» **REQUIREMENT**
In the entries below, find the line with "by (auto simp: dvd_below_def coeff_monom)" and the line with "ultimately obtain m". Return those two lines and all lines between them, exactly.

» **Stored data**
(* Let $A$ be a real $n\times n$ matrix with strictly negative diagonal entries such that all $2\times2$ and all $3\times3$ principal minors of $A$ vanish. Then $G_A$ is the complete graph, $A$ is a bipartite matrix, and $\operatorname{rank}A=1$.
   Context: The connectivity graph $G_A$ is the simple graph on $\{1,\dots,n\}$ containing edge $(ij)$, $i\ne j$, unless $A_{ij}=A_{ji}=0$. A principal minor is the determinant of a principal submatrix $A_\sigma$ (rows and columns indexed by $\sigma$). A real $n\times n$ matrix $A$ is bipartite if $\{1,\dots,n\}$ can be partitioned into disjoint sets $\sigma,\bar\sigma$ such that: if $i\in\sigma,j\in\bar\sigma$ then $A_{ij}\ge0$ and $A_{ji}\ge0$; and if $i,j\in\sigma$ or $i,j\in\bar\sigma$ then $A_{ij}\le0$ and $A_{ji}\le0$. *)

theory Defs
  imports "HOL-Analysis.Analysis"
begin

definition principal_minor :: "real^'n^'n \<Rightarrow> 'n set \<Rightarrow> real" where
  "principal_minor A \<sigma> =
     (\<Sum>p | p permutes \<sigma>. of_int (sign p) * (\<Prod>i\<in>\<sigma>. A $ i $ p i))"

definition conn_edge :: "real^'n^'n \<Rightarrow> 'n \<Rightarrow> 'n \<Rightarrow> bool" where
  "conn_edge A i j \<longleftrightarrow> i \<noteq> j \<and> \<not> (A $ i $ j = 0 \<and> A $ j $ i = 0)"

definition conn_graph_complete :: "real^'n^'n \<Rightarrow> bool" where
  "conn_graph_complete A \<longleftrightarrow> (\<forall>i j. i \<noteq> j \<longrightarrow> conn_edge A i j)"

definition bipartite_matrix :: "real^'n^'n \<Rightarrow> bool" where
  "bipartite_matrix A \<longleftrightarrow> (\<exists>\<sigma>::'n set.
     (\<forall>i j. i \<in> \<sigma> \<and> j \<notin> \<sigma> \<longrightarrow> A $ i $ j \<ge> 0 \<and> A $ j $ i \<ge> 0) \<and>
     (\<forall>i j. (i \<in> \<sigma> \<longleftrightarrow> j \<in> \<sigma>) \<longrightarrow> A $ i $ j \<le> 0 \<and> A $ j $ i \<le> 0))"

end

theory Submission
  imports Defs
begin

text \<open>
  Expanding the vanishing 2x2 principal minors gives
  A_ij A_ji = A_ii A_jj for all i, j; with a negative diagonal this product is
  positive, so every entry is nonzero and the graph G_A is complete.  For distinct
  i, j, k the two cycle products x = A_ij A_jk A_ki and y = A_ik A_kj A_ji satisfy
  x + y = 2D (vanishing 3x3 minor) and x y = D^2 (pair identities), where
  D = A_ii A_jj A_kk; hence x = y = D.  Fixing an index a, these identities give the
  rank-one identity A_ij A_aa = A_ia A_aj.  From it, (i) every row is a multiple of
  row a, so rank A = 1, and (ii) A_ij has the sign opposite to A_ia A_ja, a bipartite
  sign pattern with parts {i. A_ia < 0} and its complement.
\<close>

lemma principal_minor_2:
  fixes A :: "real^'n^'n"
  assumes "i \<noteq> j"
  shows "principal_minor A {i,j} = A$i$i * A$j$j - A$i$j * A$j$i"
proof -
  have f: "finite {j}" "i \<notin> {j}" using assms by auto
  show ?thesis
    unfolding principal_minor_def sum_over_permutations_insert[OF f] permutes_sing
    using assms by (simp add: sign_swap_id sign_id swap_id_eq)
qed

lemma principal_minor_3:
  fixes A :: "real^'n^'n"
  assumes "i \<noteq> j" "i \<noteq> k" "j \<noteq> k"
  shows "principal_minor A {i,j,k} =
    A$i$i * A$j$j * A$k$k + A$i$j * A$j$k * A$k$i + A$i$k * A$j$i * A$k$j
    - A$i$i * A$j$k * A$k$j - A$i$j * A$j$i * A$k$k - A$i$k * A$j$j * A$k$i"
proof -
  have f1: "finite {j,k}" "i \<notin> {j,k}" using assms by auto
  have f2: "finite {k}" "j \<notin> {k}" using assms by auto
  show ?thesis
    unfolding principal_minor_def sum_over_permutations_insert[OF f1]
      sum_over_permutations_insert[OF f2] permutes_sing
    using assms by (simp add: sign_swap_id permutation_swap_id sign_compose sign_id
        swap_id_eq transpose_def algebra_simps)
qed

text \<open>Two reals with sum 2d and product d^2 both equal d (they are the double root of
  (t - d)^2).\<close>
lemma eq_of_sum_and_product:
  fixes x y d :: real
  assumes "x + y = 2 * d" and "x * y = d * d"
  shows "x = d"
proof -
  have "(x - y)^2 = (x + y)^2 - 4 * (x * y)" by (simp add: power2_eq_square algebra_simps)
  also have "\<dots> = 0" using assms by (simp add: power2_eq_square)
  finally have "x = y" by simp
  then show ?thesis using assms(1) by simp
qed

locale zero_2_minors =
  fixes A :: "real^'n^'n"
  assumes minors2: "\<And>\<sigma>. card \<sigma> = 2 \<Longrightarrow> principal_minor A \<sigma> = 0"
begin

lemma pair_product: "A$i$j * A$j$i = A$i$i * A$j$j"
proof (cases "i = j")
  case False
  then show ?thesis using minors2[of "{i,j}"] principal_minor_2[OF False, of A] by simp
qed simp

end

locale zero_small_minors = zero_2_minors +
  assumes minors3: "\<And>\<sigma>. card \<sigma> = 3 \<Longrightarrow> principal_minor A \<sigma> = 0"
begin

lemma cycle_product:
  assumes distinct: "i \<noteq> j" "i \<noteq> k" "j \<noteq> k"
  shows "A$i$j * A$j$k * A$k$i = A$i$i * A$j$j * A$k$k"
proof -
  define x where "x = A$i$j * A$j$k * A$k$i"
  define y where "y = A$i$k * A$j$i * A$k$j"
  define D where "D = A$i$i * A$j$j * A$k$k"
  have "card {i,j,k} = 3" using distinct by simp
  then have sum: "x + y = 2 * D"
    using minors3[of "{i,j,k}"] principal_minor_3[OF distinct, of A]
      pair_product[of i j] pair_product[of i k] pair_product[of j k]
    unfolding x_def y_def D_def by (simp add: algebra_simps)
  have "x * y = (A$i$j * A$j$i) * (A$j$k * A$k$j) * (A$i$k * A$k$i)"
    unfolding x_def y_def by (simp add: algebra_simps)
  also have "\<dots> = D * D"
    unfolding D_def pair_product by (simp add: algebra_simps)
  finally show ?thesis using eq_of_sum_and_product[OF sum] unfolding x_def D_def by simp
qed

end

locale neg_diag_zero_small_minors = zero_small_minors +
  assumes diag: "\<And>i. A $ i $ i < 0"
begin

lemma pair_product_pos: "A$i$j * A$j$i > 0"
  using pair_product[of i j] diag[of i] diag[of j] by (simp add: mult_neg_neg)

lemma entry_nonzero: "A$i$j \<noteq> 0"
  using pair_product_pos[of i j] by auto

lemma rank_one_identity: "A$i$j * A$a$a = A$i$a * A$a$j"
proof -
  consider "i = a" | "j = a" | "i = j" "i \<noteq> a" | "i \<noteq> j" "i \<noteq> a" "j \<noteq> a" by blast
  then show ?thesis
  proof cases
    case 3
    then show ?thesis using pair_product[of i a] by (simp add: algebra_simps)
  next
    case 4
    have "(A$i$j * A$a$a) * (A$j$a * A$a$i) = (A$i$j * A$j$a * A$a$i) * A$a$a"
      by (simp add: algebra_simps)
    also have "\<dots> = (A$i$i * A$a$a) * (A$j$j * A$a$a)"
      using cycle_product[OF 4] by (simp add: algebra_simps)
    also have "\<dots> = (A$i$a * A$a$i) * (A$a$j * A$j$a)"
      unfolding pair_product[of i a] pair_product[of a j] by (simp add: algebra_simps)
    finally have "(A$i$j * A$a$a) * (A$j$a * A$a$i) = (A$i$a * A$a$j) * (A$j$a * A$a$i)"
      by (simp add: algebra_simps)
    moreover have "A$j$a * A$a$i \<noteq> 0" using entry_nonzero by simp
    ultimately show ?thesis by simp
  qed (simp_all add: mult.commute)
qed

lemma sign_pattern: "A$i$j * (A$i$a * A$j$a) < 0"
proof -
  have "(A$i$j * (A$i$a * A$j$a)) * A$a$a = (A$i$a)^2 * (A$a$j * A$j$a)"
    using rank_one_identity[of i j a] by (simp add: power2_eq_square algebra_simps)
  also have "\<dots> > 0"
    using pair_product_pos[of a j] entry_nonzero[of i a] by (simp add: mult_pos_pos)
  finally show ?thesis using diag[of a] by (auto simp: zero_less_mult_iff)
qed

end

lemma bipartite_if_sign_pattern:
  fixes A :: "real^'n^'n" and u :: "'n \<Rightarrow> real"
  assumes sign: "\<And>i j. A$i$j * (u i * u j) < 0"
  shows "bipartite_matrix A"
  unfolding bipartite_matrix_def
proof (intro exI[of _ "{i. u i < 0}"] conjI allI impI)
  have nonzero: "u i \<noteq> 0" for i using sign[of i i] by auto
  have both: "A$i$j * (u i * u j) < 0 \<and> A$j$i * (u i * u j) < 0" for i j
    using sign[of i j] sign[of j i] by (simp add: mult.commute)
  {
    fix i j
    assume "i \<in> {i. u i < 0} \<and> j \<notin> {i. u i < 0}"
    then have p: "u i * u j < 0" using nonzero[of j] by (simp add: mult_neg_pos)
    show "A$i$j \<ge> 0" "A$j$i \<ge> 0"
      using both[of i j] p mult_neg_neg not_le less_asym by metis+
  next
    fix i j
    assume "(i \<in> {i. u i < 0}) = (j \<in> {i. u i < 0})"
    then have p: "u i * u j > 0" using nonzero[of i] nonzero[of j] by (auto simp: zero_less_mult_iff)
    show "A$i$j \<le> 0" "A$j$i \<le> 0"
      using both[of i j] p mult_pos_pos not_le less_asym by metis+
  }
qed

lemma rank_one_if_rows_proportional:
  fixes A :: "real^'n^'m"
  assumes rows: "\<And>i. row i A = c i *\<^sub>R row a A" and nonzero: "row a A \<noteq> 0"
  shows "rank A = 1"
proof -
  have "rows A \<subseteq> span {row a A}"
  proof
    fix r assume "r \<in> rows A"
    then obtain i where r: "r = row i A" unfolding rows_def by blast
    show "r \<in> span {row a A}" unfolding r rows[of i] by (intro span_mul span_base) simp
  qed
  moreover have "{row a A} \<subseteq> span (rows A)"
    unfolding rows_def by (auto intro: span_base)
  ultimately have "span (rows A) = span {row a A}" using span_eq by blast
  then have "dim (rows A) = dim {row a A}" by (metis dim_span)
  then show ?thesis using nonzero by (simp add: row_rank_def)
qed

theorem mainTheorem10:
  fixes A :: "real^'n^'n"
  assumes diag: "\<And>i. A $ i $ i < 0"
    and minors2: "\<And>\<sigma>. card \<sigma> = 2 \<Longrightarrow> principal_minor A \<sigma> = 0"
    and minors3: "\<And>\<sigma>. card \<sigma> = 3 \<Longrightarrow> principal_minor A \<sigma> = 0"
  shows "conn_graph_complete A \<and> bipartite_matrix A \<and> rank A = 1"
proof -
  interpret neg_diag_zero_small_minors A
    using assms by unfold_locales auto
  \<comment> \<open>any index can serve as the reference index of the rank-one identity\<close>
  obtain a :: 'n where True by simp
  have "conn_graph_complete A"
    unfolding conn_graph_complete_def conn_edge_def using entry_nonzero by simp
  moreover have "bipartite_matrix A"
    using sign_pattern[of _ _ a] by (rule bipartite_if_sign_pattern)
  moreover have "rank A = 1"
  proof (rule rank_one_if_rows_proportional)
    show "row i A = (A$i$a / A$a$a) *\<^sub>R row a A" for i
      using rank_one_identity[of i _ a] diag[of a] by (simp add: vec_eq_iff row_def field_simps)
    show "row a A \<noteq> 0"
      using entry_nonzero[of a a] by (auto simp: vec_eq_iff row_def)
  qed
  ultimately show ?thesis by blast
qed

end
lemma offsets_order_two_reverse_generic:
  assumes m: "4 \<le> m" and i: "4 \<le> i" "i < m" and d: "d = m - 1 \<or> d = m + 1"
  shows "2 * m - d \<in> offsets_order_two m ((i + d) mod m)"
  using d
proof
  assume "d = m - 1"
  moreover from this have "(i + d) mod m = i - 1"
    using m i by (intro mod_nat_eqI) auto
  ultimately show ?thesis
    using m i by (auto simp: offsets_order_two_def)
next
  assume "d = m + 1"
  then have "i + d = (i + 1) + m"
    by simp
  then have "(i + d) mod m = (i + 1) mod m"
    by (simp only: mod_add_self2)
  with \<open>d = m + 1\<close> m i show ?thesis
    by (cases "i + 1 = m") (simp_all add: offsets_order_two_def)
qed

lemma offsets_order_two_reverse:
  assumes m: "4 \<le> m" and "i < m" and "d \<in> offsets_order_two m i" "d \<noteq> 1"
  shows "2 * m - d \<in> offsets_order_two m ((i + d) mod m)"
proof -
  from assms consider "i = 0" "d = 2" | "i = 0" "d = m - 1" | "i = 1" "d = 2" | "i = 1" "d = m + 1"
    | "i = 2" "d = m - 1" | "i = 2" "d = 2 * m - 2" | "i = 3" "d = m + 1" | "i = 3" "d = 2 * m - 2"
    | "4 \<le> i"
    by (auto simp: offsets_order_two_def split: if_splits)
  then show ?thesis
  proof cases
    case 4
    then have "(i + d) mod m = 2"
      using m by (intro mod_nat_eqI) auto
    with 4 m show ?thesis
      by (simp add: offsets_order_two_def)
  next
    case 5
    then have "(i + d) mod m = 1"
      using m by (intro mod_nat_eqI) auto
    with 5 m show ?thesis
      by (simp add: offsets_order_two_def)
  next
    case 6
    then have "i + d = 2 * m"
      using m by simp
    then have "(i + d) mod m = 0"
      by simp
    with 6 m show ?thesis
      by (simp add: offsets_order_two_def)
  next
    case 7
    then have "(i + d) mod m = 4 mod m"
      using m by (simp add: mod_add_self2)
    with 7 m show ?thesis
      by (cases "m = 4") (simp_all add: offsets_order_two_def)
  next
    case 8
    then have "(i + d) mod m = 1"
      using m by (intro mod_nat_eqI) auto
    with 8 m show ?thesis
      by (simp add: offsets_order_two_def)
  next
    case 9
    with assms show ?thesis
      by (intro offsets_order_two_reverse_generic) (auto simp: offsets_order_two_def)
  qed (use m in \<open>auto simp: offsets_order_two_def\<close>)
qed
theorem theorem1:
  fixes A :: "'a set" and P :: "'a \<Rightarrow> real" and \<rho> :: "'a \<Rightarrow> 'a \<Rightarrow> real"
    and M :: "'a \<Rightarrow> real" and n :: nat and C :: "(nat \<Rightarrow> 'a) set"
  assumes "finite A"
    and "is_pmf_on A P" and "\<forall>a\<in>A. P a > 0"
    and "\<forall>a\<in>A. \<forall>b\<in>A. \<rho> a b \<ge> 0"
    and "\<forall>a\<in>A. \<exists>b\<in>A. \<rho> a b = 0"
    and "\<forall>a\<in>A. M a > 0"
    and "n \<ge> 1"
    and "C \<subseteq> words A n" and "C \<noteq> {}"
  shows "ereal ((1 / real n) * ln (mass_n M n C)) \<ge> rate_fun A \<rho> P M (avg_dist A \<rho> P n C)"
proof -
  have "finite C"
    using assms(1,8) finite_subset finite_words by blast
  then obtain g where g: "\<forall>x. g x \<in> C \<and> rho_n \<rho> n x (g x) = rho_n_set \<rho> n x C"
    using assms(9) rho_n_set_attained by blast
  interpret code_map A P M n C g
    using assms g by unfold_locales auto
  have "avg_dist A \<rho> P n C = (\<Sum>x\<in>words A n. prod_n P n x * rho_n \<rho> n x (g x))"
    unfolding avg_dist_def using g by simp
  then show ?thesis
    using rate_fun_le_code_rate[of \<rho>] by simp
qed

end
(* Let $\alpha$ be an automorphism of a commutative ring $R$, $S=R[\theta;\alpha]$, and let $\rho$ be a nonzero non-unit of $R$. Then $S/\rho S$ is not an Artinian right $S$-module.
   Context: $R[\theta;\alpha]$: skew polynomial ring with $\theta r=\alpha(r)\theta$. *)

theory Defs
  imports "HOL-Computational_Algebra.Polynomial"
begin

definition ring_automorphism :: "('a::comm_ring_1 \<Rightarrow> 'a) \<Rightarrow> bool" where
  "ring_automorphism \<alpha> \<longleftrightarrow> bij \<alpha> \<and> \<alpha> 1 = 1 \<and>
     (\<forall>x y. \<alpha> (x + y) = \<alpha> x + \<alpha> y) \<and> (\<forall>x y. \<alpha> (x * y) = \<alpha> x * \<alpha> y)"

text \<open>Skew polynomial ring R[theta;alpha]: elements are polynomials sum r_i theta^i
  (coefficients written on the left), with theta r = alpha(r) theta, i.e.
  (r theta^i)(s theta^j) = r alpha^i(s) theta^(i+j).\<close>
definition skew_mult :: "('a::comm_ring_1 \<Rightarrow> 'a) \<Rightarrow> 'a poly \<Rightarrow> 'a poly \<Rightarrow> 'a poly" where
  "skew_mult \<alpha> p q =
     (\<Sum>i\<le>degree p. \<Sum>j\<le>degree q. monom (coeff p i * (\<alpha> ^^ i) (coeff q j)) (i + j))"

definition skew_coset :: "('a::comm_ring_1 \<Rightarrow> 'a) \<Rightarrow> 'a \<Rightarrow> 'a poly \<Rightarrow> 'a poly set" where
  "skew_coset \<alpha> \<rho> x = {x + skew_mult \<alpha> [:\<rho>:] s | s. True}"

definition quot_right_submodule ::
  "('a::comm_ring_1 \<Rightarrow> 'a) \<Rightarrow> 'a \<Rightarrow> 'a poly set set \<Rightarrow> bool" where
  "quot_right_submodule \<alpha> \<rho> N \<longleftrightarrow>
     N \<subseteq> range (skew_coset \<alpha> \<rho>) \<and>
     skew_coset \<alpha> \<rho> 0 \<in> N \<and>
     (\<forall>x y. skew_coset \<alpha> \<rho> x \<in> N \<longrightarrow> skew_coset \<alpha> \<rho> y \<in> N \<longrightarrow>
             skew_coset \<alpha> \<rho> (x + y) \<in> N) \<and>
     (\<forall>x. skew_coset \<alpha> \<rho> x \<in> N \<longrightarrow> skew_coset \<alpha> \<rho> (- x) \<in> N) \<and>
     (\<forall>x s. skew_coset \<alpha> \<rho> x \<in> N \<longrightarrow> skew_coset \<alpha> \<rho> (skew_mult \<alpha> x s) \<in> N)"

definition quot_artinian :: "('a::comm_ring_1 \<Rightarrow> 'a) \<Rightarrow> 'a \<Rightarrow> bool" where
  "quot_artinian \<alpha> \<rho> \<longleftrightarrow>
     (\<forall>N :: nat \<Rightarrow> 'a poly set set.
        (\<forall>n. quot_right_submodule \<alpha> \<rho> (N n)) \<and> (\<forall>n. N (Suc n) \<subseteq> N n) \<longrightarrow>
        (\<exists>m. \<forall>n\<ge>m. N n = N m))"

end

theory Submission
  imports Defs
begin

text \<open>
  The right submodules \<open>(\<theta>\<^sup>n S + \<rho> S) / \<rho> S\<close> form a descending chain. Since
  \<open>\<rho>\<close> is a constant, \<open>\<theta>\<^sup>n S + \<rho> S\<close> consists of the skew polynomials whose
  coefficients below degree \<open>n\<close> are all divisible by \<open>\<rho>\<close>; this condition is
  preserved by right multiplication because the coefficients of \<open>x s\<close> in degree
  \<open>k\<close> only involve the coefficients of \<open>x\<close> in degrees \<open>\<le> k\<close>, multiplied on the
  right. As \<open>\<rho>\<close> is not a unit, \<open>\<theta>\<^sup>n\<close> lies in the \<open>n\<close>-th member of the chain
  but not in the next, so the chain never stabilises.
\<close>

definition dvd_below :: "'a::comm_ring_1 \<Rightarrow> nat \<Rightarrow> 'a poly set" where
  "dvd_below \<rho> n = {x. \<forall>i<n. \<rho> dvd coeff x i}"

lemma skew_mult_const_left: "skew_mult \<alpha> [:c:] s = smult c s"
proof -
  have "skew_mult \<alpha> [:c:] s = (\<Sum>j\<le>degree s. smult c (monom (coeff s j) j))"
    by (simp add: skew_mult_def smult_monom)
  also have "\<dots> = [:c:] * (\<Sum>j\<le>degree s. monom (coeff s j) j)"
    unfolding sum_distrib_left by simp
  finally show ?thesis
    by (simp add: poly_as_sum_of_monoms)
qed

lemma skew_coset_eq: "skew_coset \<alpha> \<rho> x = {x + smult \<rho> s | s. True}"
  by (simp add: skew_coset_def skew_mult_const_left)

lemma dvd_below_skew_coset_cong:
  assumes "skew_coset \<alpha> \<rho> y = skew_coset \<alpha> \<rho> x" and "x \<in> dvd_below \<rho> n"
  shows "y \<in> dvd_below \<rho> n"
proof -
  have "y \<in> skew_coset \<alpha> \<rho> y"
    unfolding skew_coset_eq by (auto intro: exI[of _ 0])
  then have "y \<in> skew_coset \<alpha> \<rho> x"
    using assms(1) by simp
  then obtain s where "y = x + smult \<rho> s"
    unfolding skew_coset_eq by blast
  with assms(2) show ?thesis
    by (simp add: dvd_below_def)
qed

lemma skew_mult_dvd_below:
  assumes "x \<in> dvd_below \<rho> n"
  shows "skew_mult \<alpha> x s \<in> dvd_below \<rho> n"
  unfolding dvd_below_def
proof (intro CollectI allI impI)
  fix k assume "k < n"
  have "coeff (skew_mult \<alpha> x s) k = (\<Sum>i\<le>degree x. \<Sum>j\<le>degree s.
      if i + j = k then coeff x i * (\<alpha> ^^ i) (coeff s j) else 0)"
    by (simp add: skew_mult_def coeff_sum coeff_monom)
  also have "\<rho> dvd \<dots>"
    using assms \<open>k < n\<close> by (intro dvd_sum) (auto simp: dvd_below_def)
  finally show "\<rho> dvd coeff (skew_mult \<alpha> x s) k" .
qed

lemma skew_coset_mem_image_dvd_below:
  "skew_coset \<alpha> \<rho> y \<in> skew_coset \<alpha> \<rho> ` dvd_below \<rho> n \<longleftrightarrow> y \<in> dvd_below \<rho> n"
  by (auto intro: dvd_below_skew_coset_cong[OF sym])

lemma quot_right_submodule_dvd_below:
  "quot_right_submodule \<alpha> \<rho> (skew_coset \<alpha> \<rho> ` dvd_below \<rho> n)"
  unfolding quot_right_submodule_def skew_coset_mem_image_dvd_below
  by (auto intro: skew_mult_dvd_below) (auto simp: dvd_below_def)

lemma dvd_below_Suc_subset: "dvd_below \<rho> (Suc n) \<subseteq> dvd_below \<rho> n"
  by (auto simp: dvd_below_def)

lemma monom_one_in_dvd_below_iff:
  "monom 1 m \<in> dvd_below \<rho> n \<longleftrightarrow> m \<ge> n \<or> \<rho> dvd 1"
  by (auto simp: dvd_below_def coeff_monom)

theorem lemma4p8:
  fixes \<alpha> :: "'a::comm_ring_1 \<Rightarrow> 'a" and \<rho> :: 'a
  assumes "ring_automorphism \<alpha>"
    and "\<rho> \<noteq> 0"
    and "\<not> \<rho> dvd 1"
  shows "\<not> quot_artinian \<alpha> \<rho>"
proof
  assume "quot_artinian \<alpha> \<rho>"
  moreover define N where "N n = skew_coset \<alpha> \<rho> ` dvd_below \<rho> n" for n
  moreover have "N (Suc n) \<subseteq> N n" for n
    unfolding N_def using dvd_below_Suc_subset by blast
  ultimately obtain m where "N (Suc m) = N m"
    unfolding quot_artinian_def using quot_right_submodule_dvd_below
    by (metis le_add2 plus_1_eq_Suc)
  then have "monom 1 m \<in> dvd_below \<rho> (Suc m) \<longleftrightarrow> monom 1 m \<in> dvd_below \<rho> m"
    unfolding N_def by (metis skew_coset_mem_image_dvd_below)
  with assms(3) show False
    by (simp add: monom_one_in_dvd_below_iff)
qed

end
(* Let $\pi$ be a (not necessarily unique) QSD of $(X_t)_{0\le t<\tau_\partial}$, $\lambda=\lambda(\pi)$, and assume the combined Dobrushin and reverse Dobrushin condition (DRD) holds with set $A$, constants $c_0,c_1>0$ and times $t_0,t_1>0$. Define $t_3:=t_0+t_1$ and $c_3:=\lambda^{t_0}c_0c_1/\pi(A)$. Then $$\frac{P_{t_3}(x,\cdot)}{P_{t_3}1(x)}\ge c_3\,\pi(\cdot)\quad\text{for every }x\in\chi .$$
   Context: $\chi$ is a metric space with Borel $\sigma$-algebra; $\partial\notin\chi$ is a cemetery point. $(X_t)_{0\le t<\tau_\partial}$ is a killed Markov process on $\chi$ in discrete or continuous time, absorption time $\tau_\partial=\inf\{t\ge0:X_t=\partial\}$, submarkovian semigroup $P_t(x,A)=\mathbb P_x(X_t\in A,\tau_\partial>t)$; $K1(x)=K(x,\chi)$ for a kernel $K$. A QSD is a probability measure $\pi$ with $\mathbb P_\pi(X_t\in\cdot\mid\tau_\partial>t)=\pi$ for all $t$; $\lambda(\pi):=\mathbb P_\pi(\tau_\partial>1)$. Reverse Dobrushin condition (RD): there exist $t_0>0$ and a submarkovian kernel $R$ with $\pi(dx)P_{t_0}(x,dy)=\pi(dy)R(y,dx)$ as measures on $\chi\times\chi$, and $c_0>0$, $\nu\in\mathcal P(\chi)$ with $R(y,\cdot)/R1(y)\ge c_0\nu(\cdot)$ for $\pi$-a.e. $y$. Condition (DRD): there are a Borel set $A\subseteq\chi$, a probability measure $\nu_1$ with $\nu_1(\chi\setminus A)=0$, $c_1>0$ and $t_1>0$ such that $P_{t_1}1(x)>0$ for all $x$ and $P_{t_1}(x,\cdot)/P_{t_1}1(x)\ge c_1\nu_1(\cdot)$ for all $x\in\chi$ (this forces $\pi(A)>0$); and (RD) holds with $\nu:=\pi|_A/\pi(A)$ and some $c_0>0$, $t_0>0$. *)

theory Defs
  imports "HOL-Probability.Probability"
begin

» **RESPONSE BOX**
  by (auto simp: dvd_below_def coeff_monom)

theorem lemma4p8:
  fixes \<alpha> :: "'a::comm_ring_1 \<Rightarrow> 'a" and \<rho> :: 'a
  assumes "ring_automorphism \<alpha>"
    and "\<rho> \<noteq> 0"
    and "\<not> \<rho> dvd 1"
  shows "\<not> quot_artinian \<alpha> \<rho>"
proof
  assume "quot_artinian \<alpha> \<rho>"
  moreover define N where "N n = skew_coset \<alpha> \<rho> ` dvd_below \<rho> n" for n
  moreover have "N (Suc n) \<subseteq> N n" for n
    unfolding N_def using dvd_below_Suc_subset by blast
  ultimately obtain m where "N (Suc m) = N m"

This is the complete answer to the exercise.